Spark for YARN Resource Manager: Relationship between YARN Containers and Spark Performers

I am new to Spark on YARN and do not understand the relationship between YARN Containers and Spark Executors . I tried the following configuration based on the results of the yarn-utils.py script, which can be used to find the optimal cluster configuration.

Hadoop cluster (HDP 2.4) I am working on:

  • 1 Node Wizard:
    • CPU: 2 processors with 6 cores each = 12 cores
    • RAM: 64 GB
    • SSD: 2 x 512 GB
  • 5 Slave Nodes:
    • CPU: 2 processors with 6 cores each = 12 cores
    • RAM: 64 GB
    • HDD: 4 x 3 TB = 12 TB
  • HBase installed (this is one of the options for the script below)

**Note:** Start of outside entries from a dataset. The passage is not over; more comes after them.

lemma linear_bound_by_continuous_induction:
  fixes g :: "real \<Rightarrow> real"
  assumes "a \<le> b" "continuous_on {a..b} g"
    and step: "\<And>s. a \<le> s \<Longrightarrow> s < b \<Longrightarrow> g s \<le> g a + M * (s - a) \<Longrightarrow>
        \<exists>h>0. s + h \<le> b \<and> g (s + h) \<le> g s + M * h"
  shows "g b \<le> g a + M * (b - a)"
proof -
  define S where "S = {s \<in> {a..b}. g s \<le> g a + M * (s - a)}"
  have "continuous_on {a..b} (\<lambda>s. g a + M * (s - a))"
    by (intro continuous_intros)
  then have "closed S"
    unfolding S_def using continuous_on_closed_Collect_le[OF assms(2)] by blast
  moreover have "a \<in> S" "bdd_above S"
    using \<open>a \<le> b\<close> unfolding S_def by (auto intro: bdd_aboveI[of _ b])
  ultimately have sup: "Sup S \<in> S"
    using closed_contains_Sup by blast
  have "Sup S = b"
  proof (rule ccontr)
    assume "Sup S \<noteq> b"
    with sup obtain h where "h > 0" "Sup S + h \<le> b" "g (Sup S + h) \<le> g (Sup S) + M * h"
      using step[of "Sup S"] unfolding S_def by force
    with sup have "Sup S + h \<in> S"
      unfolding S_def by (auto simp: algebra_simps)
    then show False
      using cSup_upper[OF _ \<open>bdd_above S\<close>] \<open>h > 0\<close> by fastforce
  qed
  with sup show ?thesis
    unfolding S_def by simp
qed

lemma nearest_point_in_frontier:
  fixes K :: "'a::real_normed_vector set"
  assumes "z \<notin> K" "p \<in> K" and nearest: "\<And>y. y \<in> K \<Longrightarrow> dist z p \<le> dist z y"
  shows "p \<in> frontier K"
proof -
  have "p \<notin> interior K"
  proof
    assume "p \<in> interior K"
    then obtain e where "e > 0" "ball p e \<subseteq> K"
      using mem_interior by blast
    have "dist z p > 0"
      using assms(1,2) by auto
    define s where "s = min (1/2) (e / (2 * dist z p))"
    have s: "0 < s" "s < 1"
      using \<open>e > 0\<close> \<open>dist z p > 0\<close> by (auto simp: s_def)
    define y where "y = p + s *\<^sub>R (z - p)"
    have "dist p y = s * dist z p"
      using s by (simp add: y_def dist_norm dist_commute)
    also have "\<dots> < e"
      using \<open>dist z p > 0\<close> \<open>e > 0\<close> by (simp add: s_def min_def field_simps)
    finally have "y \<in> K"
      using \<open>ball p e \<subseteq> K\<close> by auto
    have "z - y = (1 - s) *\<^sub>R (z - p)"
      by (simp add: y_def algebra_simps)
    then have "dist z y < dist z p"
      using s \<open>dist z p > 0\<close> by (simp add: dist_norm)
    with nearest[OF \<open>y \<in> K\<close>] show False
      by simp
  qed
  then show ?thesis
    using \<open>p \<in> K\<close> closure_subset by (auto simp: frontier_def)
qed

lemma power2_norm_add_scaleR:
  fixes a b :: "'a::real_inner"
  shows "(norm (a + t *\<^sub>R b))\<^sup>2 = (norm a)\<^sup>2 + 2 * t * inner a b + t\<^sup>2 * (norm b)\<^sup>2"
  unfolding power2_norm_eq_inner
  by (simp add: inner_add_left inner_add_right inner_commute power2_eq_square algebra_simps)

lemma inner_contingent_cone_proximal_normal_nonpos:
  fixes K :: "'a::real_inner set"
  assumes "c \<in> contingent_cone K p" and nearest: "\<And>y. y \<in> K \<Longrightarrow> dist q p \<le> dist q y"
  shows "inner c (q - p) \<le> 0"
proof -
  obtain t w where t: "\<And>i. t i > 0" "t \<longlonglongrightarrow> 0" and w: "w \<longlonglongrightarrow> c"
    and K: "\<And>i. p + t i *\<^sub>R w i \<in> K"
    using assms(1) unfolding contingent_cone_def by blast
  have bound: "inner (w i) (q - p) \<le> t i / 2 * (norm (w i))\<^sup>2" for i
  proof -
    have "(dist q p)\<^sup>2 \<le> (dist q (p + t i *\<^sub>R w i))\<^sup>2"
      using nearest[OF K] by (simp add: power_mono)
    also have "\<dots> = (dist q p)\<^sup>2 - 2 * t i * inner (w i) (q - p) + (t i)\<^sup>2 * (norm (w i))\<^sup>2"
      using power2_norm_add_scaleR[of "q - p" "- t i" "w i"]
      by (simp add: dist_norm inner_commute algebra_simps)
    finally show ?thesis
      using t(1)[of i] by (simp add: power2_eq_square field_simps)
  qed
  have "(\<lambda>i. inner (w i) (q - p)) \<longlonglongrightarrow> inner c (q - p)"
    using w by (intro tendsto_intros)
  moreover have "(\<lambda>i. t i / 2 * (norm (w i))\<^sup>2) \<longlonglongrightarrow> 0 / 2 * (norm c)\<^sup>2"
    using t(2) w by (intro tendsto_intros) auto
  ultimately show ?thesis
    using tendsto_le[OF sequentially_bot] bound by (metis (mono_tags) always_eventually div_0 mult_zero_left)
qed

lemma inner_proximal_normal_le:
  fixes K :: "'a::real_inner set"
  assumes nearest: "\<And>y. y \<in> K \<Longrightarrow> dist z p \<le> dist z y" and "r > 0"
    and near: "\<forall>u\<in>sphere v r. \<exists>c\<in>contingent_cone K p. dist c u < r/2"
  shows "inner v (z - p) \<le> - (r/2) * dist z p"
proof (cases "z = p")
  case False
  define n where "n = (1 / dist z p) *\<^sub>R (z - p)"
  have "norm n = 1"
    using False by (simp add: n_def dist_norm)
  then have "inner n n = 1"
    by (metis power2_norm_eq_inner power_one)
  have "v + r *\<^sub>R n \<in> sphere v r"
    using \<open>norm n = 1\<close> \<open>r > 0\<close> by (simp add: dist_norm)
  then obtain c where c: "c \<in> contingent_cone K p" "dist c (v + r *\<^sub>R n) < r/2"
    using near by blast
  have "inner c n \<le> 0"
    using inner_contingent_cone_proximal_normal_nonpos[OF c(1) nearest]
    by (simp add: n_def divide_nonpos_nonneg)
  moreover have "inner (v + r *\<^sub>R n - c) n \<le> norm (v + r *\<^sub>R n - c)"
    using norm_cauchy_schwarz[of "v + r *\<^sub>R n - c" n] \<open>norm n = 1\<close> by simp
  moreover have "norm (v + r *\<^sub>R n - c) < r/2"
    using c(2) by (simp add: dist_norm norm_minus_commute)
  ultimately have "inner v n \<le> - r/2"
    using \<open>inner n n = 1\<close> by (simp add: inner_diff_left inner_add_left)
  then have "dist z p * inner v n \<le> dist z p * (- r/2)"
    by (intro mult_left_mono) auto
  moreover have "inner v (z - p) = dist z p * inner v n"
    using False by (simp add: n_def)
  ultimately show ?thesis
    by (simp add: algebra_simps)
qed simp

So, I ran python yarn-utils.py -c 12 -m 64 -d 4 -k True (c = core, m = memory, d = hdds, k = hbase-installed) and got the following result:

  Using cores=12 memory=64GB disks=4 hbase=True Profile: cores=12 memory=49152MB reserved=16GB usableMem=48GB disks=4 Num Container=8 Container Ram=6144MB Used Ram=48GB Unused Ram=16GB yarn.scheduler.minimum-allocation-mb=6144 yarn.scheduler.maximum-allocation-mb=49152 yarn.nodemanager.resource.memory-mb=49152 mapreduce.map.memory.mb=6144 mapreduce.map.java.opts=-Xmx4915m mapreduce.reduce.memory.mb=6144 mapreduce.reduce.java.opts=-Xmx4915m yarn.app.mapreduce.am.resource.mb=6144 yarn.app.mapreduce.am.command-opts=-Xmx4915m mapreduce.task.io.sort.mb=2457 

I made these settings through the Ambari interface and restarted the cluster. The values ​​also correspond roughly to what I manually calculated before.

I have problems

  • to find the optimal settings for my spark-submit script
    • options --num-executors , --executor-cores and --executor-memory .
  • to get the connection between the YARN container and Spark performers
  • to understand the hardware information in my Spark History user interface (less memory shows how I installed (when calculating the total memory by multiplying by the number of node workers))
  • to understand the concept of vcores in YARN, here I have not yet found useful examples

However, I found this post. What is a container in YARN? , but this did not help, since it does not describe the attitude towards the performers.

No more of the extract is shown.